(EXERCISE MATERIALS Opens)

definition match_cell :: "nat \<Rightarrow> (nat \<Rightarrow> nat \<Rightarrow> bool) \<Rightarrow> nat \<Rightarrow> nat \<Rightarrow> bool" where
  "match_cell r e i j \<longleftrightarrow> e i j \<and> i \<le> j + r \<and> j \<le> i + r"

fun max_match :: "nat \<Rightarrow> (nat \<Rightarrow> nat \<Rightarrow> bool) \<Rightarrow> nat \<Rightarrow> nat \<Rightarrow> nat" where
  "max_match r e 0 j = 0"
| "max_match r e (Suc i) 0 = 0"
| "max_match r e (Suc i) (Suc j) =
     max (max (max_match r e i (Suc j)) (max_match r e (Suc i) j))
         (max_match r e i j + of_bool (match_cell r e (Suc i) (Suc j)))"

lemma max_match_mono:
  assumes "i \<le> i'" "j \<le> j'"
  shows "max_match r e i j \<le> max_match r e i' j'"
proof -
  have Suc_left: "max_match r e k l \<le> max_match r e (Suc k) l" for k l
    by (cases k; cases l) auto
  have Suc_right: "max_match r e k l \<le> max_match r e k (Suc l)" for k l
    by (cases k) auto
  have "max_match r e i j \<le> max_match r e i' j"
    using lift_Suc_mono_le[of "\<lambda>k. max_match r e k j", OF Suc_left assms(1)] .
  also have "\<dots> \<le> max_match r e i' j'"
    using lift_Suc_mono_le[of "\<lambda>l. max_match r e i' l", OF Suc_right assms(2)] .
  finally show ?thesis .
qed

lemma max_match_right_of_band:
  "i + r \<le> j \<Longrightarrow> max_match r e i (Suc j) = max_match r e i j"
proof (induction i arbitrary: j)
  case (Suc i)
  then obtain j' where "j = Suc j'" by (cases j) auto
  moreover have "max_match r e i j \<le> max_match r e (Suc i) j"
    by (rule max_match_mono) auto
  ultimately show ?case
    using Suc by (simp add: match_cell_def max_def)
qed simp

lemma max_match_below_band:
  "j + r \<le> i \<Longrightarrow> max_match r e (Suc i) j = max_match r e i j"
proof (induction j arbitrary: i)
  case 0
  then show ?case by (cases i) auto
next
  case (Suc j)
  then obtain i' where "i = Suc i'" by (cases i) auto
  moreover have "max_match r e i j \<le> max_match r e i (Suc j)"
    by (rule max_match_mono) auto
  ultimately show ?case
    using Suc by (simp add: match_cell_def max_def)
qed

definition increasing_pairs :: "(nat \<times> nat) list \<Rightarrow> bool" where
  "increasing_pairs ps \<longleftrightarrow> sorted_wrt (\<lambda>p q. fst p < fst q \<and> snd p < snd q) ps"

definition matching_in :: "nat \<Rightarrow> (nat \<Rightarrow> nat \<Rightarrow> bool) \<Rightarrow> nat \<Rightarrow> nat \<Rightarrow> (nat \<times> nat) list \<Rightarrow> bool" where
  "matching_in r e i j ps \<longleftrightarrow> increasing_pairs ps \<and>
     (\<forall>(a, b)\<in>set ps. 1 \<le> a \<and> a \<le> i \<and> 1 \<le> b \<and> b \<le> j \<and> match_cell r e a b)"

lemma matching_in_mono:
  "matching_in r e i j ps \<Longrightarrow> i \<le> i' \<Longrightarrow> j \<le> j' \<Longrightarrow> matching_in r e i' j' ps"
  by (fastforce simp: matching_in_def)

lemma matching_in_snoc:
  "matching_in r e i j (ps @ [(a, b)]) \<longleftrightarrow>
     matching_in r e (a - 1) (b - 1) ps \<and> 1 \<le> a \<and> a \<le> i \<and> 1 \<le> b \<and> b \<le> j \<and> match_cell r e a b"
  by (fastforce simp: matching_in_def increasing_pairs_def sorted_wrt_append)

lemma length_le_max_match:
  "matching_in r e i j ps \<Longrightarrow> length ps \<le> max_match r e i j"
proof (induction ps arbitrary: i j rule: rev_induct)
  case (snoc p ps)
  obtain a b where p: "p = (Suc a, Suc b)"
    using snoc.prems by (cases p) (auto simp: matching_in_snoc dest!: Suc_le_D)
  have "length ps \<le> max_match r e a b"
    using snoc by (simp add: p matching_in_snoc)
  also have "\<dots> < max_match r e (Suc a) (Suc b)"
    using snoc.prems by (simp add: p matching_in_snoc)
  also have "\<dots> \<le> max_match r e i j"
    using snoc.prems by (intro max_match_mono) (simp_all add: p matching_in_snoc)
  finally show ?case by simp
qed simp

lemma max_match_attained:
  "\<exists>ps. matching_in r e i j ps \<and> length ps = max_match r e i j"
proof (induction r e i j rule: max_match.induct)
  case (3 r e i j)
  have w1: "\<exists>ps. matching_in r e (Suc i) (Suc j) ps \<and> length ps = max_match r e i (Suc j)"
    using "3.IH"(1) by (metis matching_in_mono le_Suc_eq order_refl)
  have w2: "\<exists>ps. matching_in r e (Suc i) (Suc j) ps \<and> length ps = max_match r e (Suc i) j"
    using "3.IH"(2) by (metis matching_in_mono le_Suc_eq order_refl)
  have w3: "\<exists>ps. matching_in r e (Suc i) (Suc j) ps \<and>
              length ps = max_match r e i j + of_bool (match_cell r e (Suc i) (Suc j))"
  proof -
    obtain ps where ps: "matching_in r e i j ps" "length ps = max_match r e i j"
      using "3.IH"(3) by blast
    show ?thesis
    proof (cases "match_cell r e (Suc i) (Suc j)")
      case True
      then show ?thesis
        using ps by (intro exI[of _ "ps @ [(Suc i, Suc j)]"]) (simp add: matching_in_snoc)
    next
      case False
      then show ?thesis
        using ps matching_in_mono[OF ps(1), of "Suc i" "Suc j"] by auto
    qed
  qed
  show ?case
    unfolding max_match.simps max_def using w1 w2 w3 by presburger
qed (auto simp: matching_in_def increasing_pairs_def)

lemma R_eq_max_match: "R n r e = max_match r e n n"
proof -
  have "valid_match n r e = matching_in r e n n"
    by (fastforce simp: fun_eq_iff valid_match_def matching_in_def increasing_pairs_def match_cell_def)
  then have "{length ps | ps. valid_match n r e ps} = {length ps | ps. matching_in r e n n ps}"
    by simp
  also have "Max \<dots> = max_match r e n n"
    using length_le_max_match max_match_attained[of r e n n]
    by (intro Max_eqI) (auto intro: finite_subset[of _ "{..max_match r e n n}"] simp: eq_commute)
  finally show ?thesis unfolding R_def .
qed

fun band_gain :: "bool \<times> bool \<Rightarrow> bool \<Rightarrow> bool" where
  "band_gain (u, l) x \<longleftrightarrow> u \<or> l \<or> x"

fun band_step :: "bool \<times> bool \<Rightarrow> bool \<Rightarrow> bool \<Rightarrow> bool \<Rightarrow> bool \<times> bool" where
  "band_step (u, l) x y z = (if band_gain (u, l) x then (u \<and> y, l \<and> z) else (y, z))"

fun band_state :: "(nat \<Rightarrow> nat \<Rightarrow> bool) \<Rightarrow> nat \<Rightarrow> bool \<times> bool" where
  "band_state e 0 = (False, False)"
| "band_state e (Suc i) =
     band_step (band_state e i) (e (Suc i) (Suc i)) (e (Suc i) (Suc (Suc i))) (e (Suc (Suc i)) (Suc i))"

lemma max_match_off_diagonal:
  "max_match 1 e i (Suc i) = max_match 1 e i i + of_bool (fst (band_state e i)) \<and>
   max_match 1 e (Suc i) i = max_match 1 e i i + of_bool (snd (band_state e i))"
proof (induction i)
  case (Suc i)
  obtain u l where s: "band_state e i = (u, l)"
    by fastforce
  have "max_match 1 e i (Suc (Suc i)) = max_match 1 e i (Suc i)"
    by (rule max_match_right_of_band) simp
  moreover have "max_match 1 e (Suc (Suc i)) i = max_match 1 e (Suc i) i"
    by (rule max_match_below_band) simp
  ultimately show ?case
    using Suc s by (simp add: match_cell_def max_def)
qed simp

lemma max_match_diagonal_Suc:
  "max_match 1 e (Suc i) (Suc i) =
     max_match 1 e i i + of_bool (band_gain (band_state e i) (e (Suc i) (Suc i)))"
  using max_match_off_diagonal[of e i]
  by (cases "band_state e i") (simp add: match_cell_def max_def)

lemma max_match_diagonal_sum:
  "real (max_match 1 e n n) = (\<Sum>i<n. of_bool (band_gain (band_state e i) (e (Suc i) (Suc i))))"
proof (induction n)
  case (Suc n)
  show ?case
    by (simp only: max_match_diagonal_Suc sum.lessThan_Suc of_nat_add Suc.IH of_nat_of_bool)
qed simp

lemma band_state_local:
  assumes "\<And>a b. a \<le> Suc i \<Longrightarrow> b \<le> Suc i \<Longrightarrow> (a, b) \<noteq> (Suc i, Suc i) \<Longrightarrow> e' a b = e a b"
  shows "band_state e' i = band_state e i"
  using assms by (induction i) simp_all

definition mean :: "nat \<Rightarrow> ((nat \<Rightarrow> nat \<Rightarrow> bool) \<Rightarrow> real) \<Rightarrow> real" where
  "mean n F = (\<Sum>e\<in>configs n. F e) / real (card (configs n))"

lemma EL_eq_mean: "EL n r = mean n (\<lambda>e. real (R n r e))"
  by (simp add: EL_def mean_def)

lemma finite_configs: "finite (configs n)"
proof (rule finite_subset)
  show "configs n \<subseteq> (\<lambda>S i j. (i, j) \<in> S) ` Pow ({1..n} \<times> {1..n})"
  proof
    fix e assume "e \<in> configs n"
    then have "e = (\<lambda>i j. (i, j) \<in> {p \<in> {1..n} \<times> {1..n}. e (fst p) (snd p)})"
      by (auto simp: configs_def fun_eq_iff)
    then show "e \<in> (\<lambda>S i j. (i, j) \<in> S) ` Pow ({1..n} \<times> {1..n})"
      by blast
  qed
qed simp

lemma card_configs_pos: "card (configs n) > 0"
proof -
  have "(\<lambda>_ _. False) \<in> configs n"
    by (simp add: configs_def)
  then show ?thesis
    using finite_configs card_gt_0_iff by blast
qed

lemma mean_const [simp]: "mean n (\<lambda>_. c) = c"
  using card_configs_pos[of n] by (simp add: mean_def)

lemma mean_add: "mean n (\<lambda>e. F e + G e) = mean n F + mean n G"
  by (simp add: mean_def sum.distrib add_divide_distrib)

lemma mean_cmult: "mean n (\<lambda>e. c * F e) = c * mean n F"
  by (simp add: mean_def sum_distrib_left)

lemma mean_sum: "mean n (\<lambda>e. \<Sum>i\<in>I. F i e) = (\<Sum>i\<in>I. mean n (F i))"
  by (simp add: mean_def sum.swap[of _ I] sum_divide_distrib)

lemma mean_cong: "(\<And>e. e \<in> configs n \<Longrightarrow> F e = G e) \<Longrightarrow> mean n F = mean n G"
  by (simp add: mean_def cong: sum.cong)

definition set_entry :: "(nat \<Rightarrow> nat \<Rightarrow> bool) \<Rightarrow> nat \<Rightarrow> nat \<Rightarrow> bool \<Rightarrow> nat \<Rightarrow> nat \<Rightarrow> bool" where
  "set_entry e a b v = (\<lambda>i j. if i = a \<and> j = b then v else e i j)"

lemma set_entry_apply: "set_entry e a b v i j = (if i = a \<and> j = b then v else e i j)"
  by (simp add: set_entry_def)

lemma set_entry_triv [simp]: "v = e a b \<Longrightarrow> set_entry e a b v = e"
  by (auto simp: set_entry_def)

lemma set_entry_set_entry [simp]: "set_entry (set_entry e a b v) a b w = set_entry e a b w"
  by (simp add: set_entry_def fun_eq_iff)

(EXERCISE MATERIALS Closes)

▸ **EXERCISE OBJECTIVE**
Search the data for the word "definition" and report how many lines include it, with the number alone.

▸ **RESPONSE FOR THIS EXERCISE**
5